### Instructions for the task:
As the lines appear below, please set them down exactly, starting at the first and finishing with the one containing "by (simp add: inner_add_right".

### Input data:
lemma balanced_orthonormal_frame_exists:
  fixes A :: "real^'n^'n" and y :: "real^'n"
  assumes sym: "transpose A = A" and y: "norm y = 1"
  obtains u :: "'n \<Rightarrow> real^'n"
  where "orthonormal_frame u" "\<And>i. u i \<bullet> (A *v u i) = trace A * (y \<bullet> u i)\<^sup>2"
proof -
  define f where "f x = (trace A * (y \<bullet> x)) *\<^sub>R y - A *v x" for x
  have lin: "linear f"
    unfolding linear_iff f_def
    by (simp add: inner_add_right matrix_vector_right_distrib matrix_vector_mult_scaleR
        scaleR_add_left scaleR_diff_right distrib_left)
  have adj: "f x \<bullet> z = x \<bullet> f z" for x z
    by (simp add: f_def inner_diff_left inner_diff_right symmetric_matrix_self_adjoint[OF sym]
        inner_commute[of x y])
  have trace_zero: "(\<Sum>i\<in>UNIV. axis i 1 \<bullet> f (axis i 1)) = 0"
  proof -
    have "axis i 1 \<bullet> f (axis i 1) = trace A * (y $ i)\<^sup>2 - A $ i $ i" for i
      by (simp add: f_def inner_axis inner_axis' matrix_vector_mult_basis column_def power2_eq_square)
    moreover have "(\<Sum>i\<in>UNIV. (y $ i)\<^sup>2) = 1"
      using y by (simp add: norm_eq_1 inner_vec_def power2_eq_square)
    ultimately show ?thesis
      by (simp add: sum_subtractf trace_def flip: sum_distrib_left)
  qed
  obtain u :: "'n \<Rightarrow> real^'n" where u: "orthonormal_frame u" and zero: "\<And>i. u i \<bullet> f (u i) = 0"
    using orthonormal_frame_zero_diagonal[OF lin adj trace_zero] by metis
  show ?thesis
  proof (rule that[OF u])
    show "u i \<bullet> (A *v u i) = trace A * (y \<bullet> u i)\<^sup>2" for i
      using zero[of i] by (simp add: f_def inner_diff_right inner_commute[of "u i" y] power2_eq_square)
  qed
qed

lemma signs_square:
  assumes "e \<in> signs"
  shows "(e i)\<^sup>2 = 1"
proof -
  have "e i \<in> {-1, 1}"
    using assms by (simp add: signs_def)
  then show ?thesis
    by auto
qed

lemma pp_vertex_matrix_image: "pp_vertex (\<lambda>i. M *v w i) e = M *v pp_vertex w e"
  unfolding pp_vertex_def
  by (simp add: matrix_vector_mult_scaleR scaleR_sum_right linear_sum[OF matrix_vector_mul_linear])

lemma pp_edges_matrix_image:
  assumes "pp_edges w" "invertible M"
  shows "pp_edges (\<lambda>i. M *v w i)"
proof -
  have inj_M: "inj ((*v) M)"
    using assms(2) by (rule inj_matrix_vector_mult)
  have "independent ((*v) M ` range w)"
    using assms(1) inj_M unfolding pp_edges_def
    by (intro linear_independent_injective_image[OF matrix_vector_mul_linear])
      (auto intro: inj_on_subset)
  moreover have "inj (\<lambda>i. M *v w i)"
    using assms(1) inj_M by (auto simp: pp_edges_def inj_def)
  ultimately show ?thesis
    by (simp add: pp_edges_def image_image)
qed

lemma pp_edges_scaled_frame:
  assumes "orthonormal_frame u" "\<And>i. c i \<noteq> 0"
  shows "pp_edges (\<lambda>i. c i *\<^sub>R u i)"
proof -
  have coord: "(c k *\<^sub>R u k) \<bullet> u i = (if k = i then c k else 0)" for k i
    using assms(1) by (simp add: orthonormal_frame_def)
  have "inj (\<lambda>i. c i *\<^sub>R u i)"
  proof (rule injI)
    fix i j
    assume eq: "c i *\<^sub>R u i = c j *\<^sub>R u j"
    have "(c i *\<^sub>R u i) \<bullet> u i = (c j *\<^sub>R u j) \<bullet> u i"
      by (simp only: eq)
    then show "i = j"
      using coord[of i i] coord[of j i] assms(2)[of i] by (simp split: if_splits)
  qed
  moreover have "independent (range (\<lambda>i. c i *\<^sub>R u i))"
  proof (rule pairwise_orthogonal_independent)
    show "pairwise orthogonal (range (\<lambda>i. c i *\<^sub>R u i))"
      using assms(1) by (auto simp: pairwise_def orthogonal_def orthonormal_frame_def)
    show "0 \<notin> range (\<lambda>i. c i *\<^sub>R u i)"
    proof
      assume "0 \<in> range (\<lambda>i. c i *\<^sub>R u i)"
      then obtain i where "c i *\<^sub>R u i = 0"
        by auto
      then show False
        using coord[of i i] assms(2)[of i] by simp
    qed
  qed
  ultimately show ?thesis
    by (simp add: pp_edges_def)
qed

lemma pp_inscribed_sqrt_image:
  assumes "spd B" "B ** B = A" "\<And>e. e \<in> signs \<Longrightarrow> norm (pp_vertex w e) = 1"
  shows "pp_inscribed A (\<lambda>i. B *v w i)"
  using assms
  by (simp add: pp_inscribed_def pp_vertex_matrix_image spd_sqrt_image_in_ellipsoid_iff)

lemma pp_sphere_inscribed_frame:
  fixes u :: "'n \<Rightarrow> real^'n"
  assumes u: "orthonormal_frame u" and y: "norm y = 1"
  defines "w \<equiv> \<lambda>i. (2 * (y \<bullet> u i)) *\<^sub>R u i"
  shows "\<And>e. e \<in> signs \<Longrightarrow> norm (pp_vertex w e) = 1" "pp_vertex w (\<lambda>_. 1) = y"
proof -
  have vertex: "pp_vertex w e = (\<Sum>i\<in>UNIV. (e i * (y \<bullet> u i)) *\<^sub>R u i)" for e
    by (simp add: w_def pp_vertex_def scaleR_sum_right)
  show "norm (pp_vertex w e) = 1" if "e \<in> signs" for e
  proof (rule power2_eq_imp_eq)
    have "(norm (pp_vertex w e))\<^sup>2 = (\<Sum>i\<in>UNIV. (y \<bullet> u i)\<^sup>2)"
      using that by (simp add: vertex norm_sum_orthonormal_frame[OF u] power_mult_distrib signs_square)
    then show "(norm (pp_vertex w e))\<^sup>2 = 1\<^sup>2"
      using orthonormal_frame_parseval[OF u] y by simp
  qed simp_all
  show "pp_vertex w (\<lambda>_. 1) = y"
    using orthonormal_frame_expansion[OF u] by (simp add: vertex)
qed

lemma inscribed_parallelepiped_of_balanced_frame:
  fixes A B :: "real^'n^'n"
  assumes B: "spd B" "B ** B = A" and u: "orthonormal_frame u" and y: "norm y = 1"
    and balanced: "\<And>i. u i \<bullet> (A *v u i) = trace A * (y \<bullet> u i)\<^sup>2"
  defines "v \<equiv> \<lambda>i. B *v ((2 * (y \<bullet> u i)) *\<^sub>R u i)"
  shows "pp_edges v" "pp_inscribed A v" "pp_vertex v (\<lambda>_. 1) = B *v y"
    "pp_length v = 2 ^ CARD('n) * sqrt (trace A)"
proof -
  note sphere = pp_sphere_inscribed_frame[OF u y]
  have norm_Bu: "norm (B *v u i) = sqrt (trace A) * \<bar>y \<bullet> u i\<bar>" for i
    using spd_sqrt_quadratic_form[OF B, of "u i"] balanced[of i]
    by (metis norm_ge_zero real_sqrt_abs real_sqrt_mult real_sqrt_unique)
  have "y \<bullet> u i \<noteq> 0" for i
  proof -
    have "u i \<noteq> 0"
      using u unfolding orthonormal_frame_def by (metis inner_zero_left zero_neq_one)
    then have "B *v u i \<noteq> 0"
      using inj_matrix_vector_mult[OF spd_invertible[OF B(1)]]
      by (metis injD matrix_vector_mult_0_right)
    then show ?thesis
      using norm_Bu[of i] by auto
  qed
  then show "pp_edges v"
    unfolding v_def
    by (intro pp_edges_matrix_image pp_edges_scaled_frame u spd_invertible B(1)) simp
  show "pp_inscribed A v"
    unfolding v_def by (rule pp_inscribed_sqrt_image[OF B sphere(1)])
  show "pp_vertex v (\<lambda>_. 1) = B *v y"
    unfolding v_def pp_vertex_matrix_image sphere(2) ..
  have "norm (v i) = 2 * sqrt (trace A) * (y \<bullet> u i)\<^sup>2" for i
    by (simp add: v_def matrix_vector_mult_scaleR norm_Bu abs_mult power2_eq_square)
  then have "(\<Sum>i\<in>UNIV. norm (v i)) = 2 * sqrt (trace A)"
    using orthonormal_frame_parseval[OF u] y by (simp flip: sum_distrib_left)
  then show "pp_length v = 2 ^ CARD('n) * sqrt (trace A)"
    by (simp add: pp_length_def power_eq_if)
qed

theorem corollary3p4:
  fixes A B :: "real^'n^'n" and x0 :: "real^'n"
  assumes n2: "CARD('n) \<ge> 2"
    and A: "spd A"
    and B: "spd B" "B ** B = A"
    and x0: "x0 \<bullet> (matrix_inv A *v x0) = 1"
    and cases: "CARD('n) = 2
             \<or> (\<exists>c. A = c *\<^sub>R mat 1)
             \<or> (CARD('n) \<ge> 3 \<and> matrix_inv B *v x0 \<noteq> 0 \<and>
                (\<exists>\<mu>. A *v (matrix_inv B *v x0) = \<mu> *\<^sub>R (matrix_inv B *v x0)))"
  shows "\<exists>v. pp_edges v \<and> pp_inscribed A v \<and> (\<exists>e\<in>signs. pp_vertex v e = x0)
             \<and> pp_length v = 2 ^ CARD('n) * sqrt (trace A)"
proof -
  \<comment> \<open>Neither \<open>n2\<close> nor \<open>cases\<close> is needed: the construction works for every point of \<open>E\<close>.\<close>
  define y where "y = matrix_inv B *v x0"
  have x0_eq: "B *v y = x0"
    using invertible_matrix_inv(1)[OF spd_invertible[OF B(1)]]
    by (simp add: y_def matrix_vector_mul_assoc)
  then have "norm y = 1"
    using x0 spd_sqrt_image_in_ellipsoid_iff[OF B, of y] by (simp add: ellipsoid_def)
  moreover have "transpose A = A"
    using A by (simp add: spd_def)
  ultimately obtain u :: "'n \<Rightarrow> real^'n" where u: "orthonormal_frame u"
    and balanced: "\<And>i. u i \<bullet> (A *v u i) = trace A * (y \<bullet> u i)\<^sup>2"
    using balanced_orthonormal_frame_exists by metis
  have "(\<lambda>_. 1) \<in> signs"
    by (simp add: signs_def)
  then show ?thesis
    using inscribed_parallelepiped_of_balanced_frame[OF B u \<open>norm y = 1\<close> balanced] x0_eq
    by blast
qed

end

### Response to the exercise:
lemma balanced_orthonormal_frame_exists:
  fixes A :: "real^'n^'n" and y :: "real^'n"
  assumes sym: "transpose A = A" and y: "norm y = 1"
  obtains u :: "'n \<Rightarrow> real^'n"
  where "orthonormal_frame u" "\<And>i. u i \<bullet> (A *v u i) = trace A * (y \<bullet> u i)\<^sup>2"
proof -
  define f where "f x = (trace A * (y \<bullet> x)) *\<^sub>R y - A *v x" for x
  have lin: "linear f"
    unfolding linear_iff f_def
    by (simp add: inner_add_right matrix_vector_right_distrib matrix_vector_mult_scaleR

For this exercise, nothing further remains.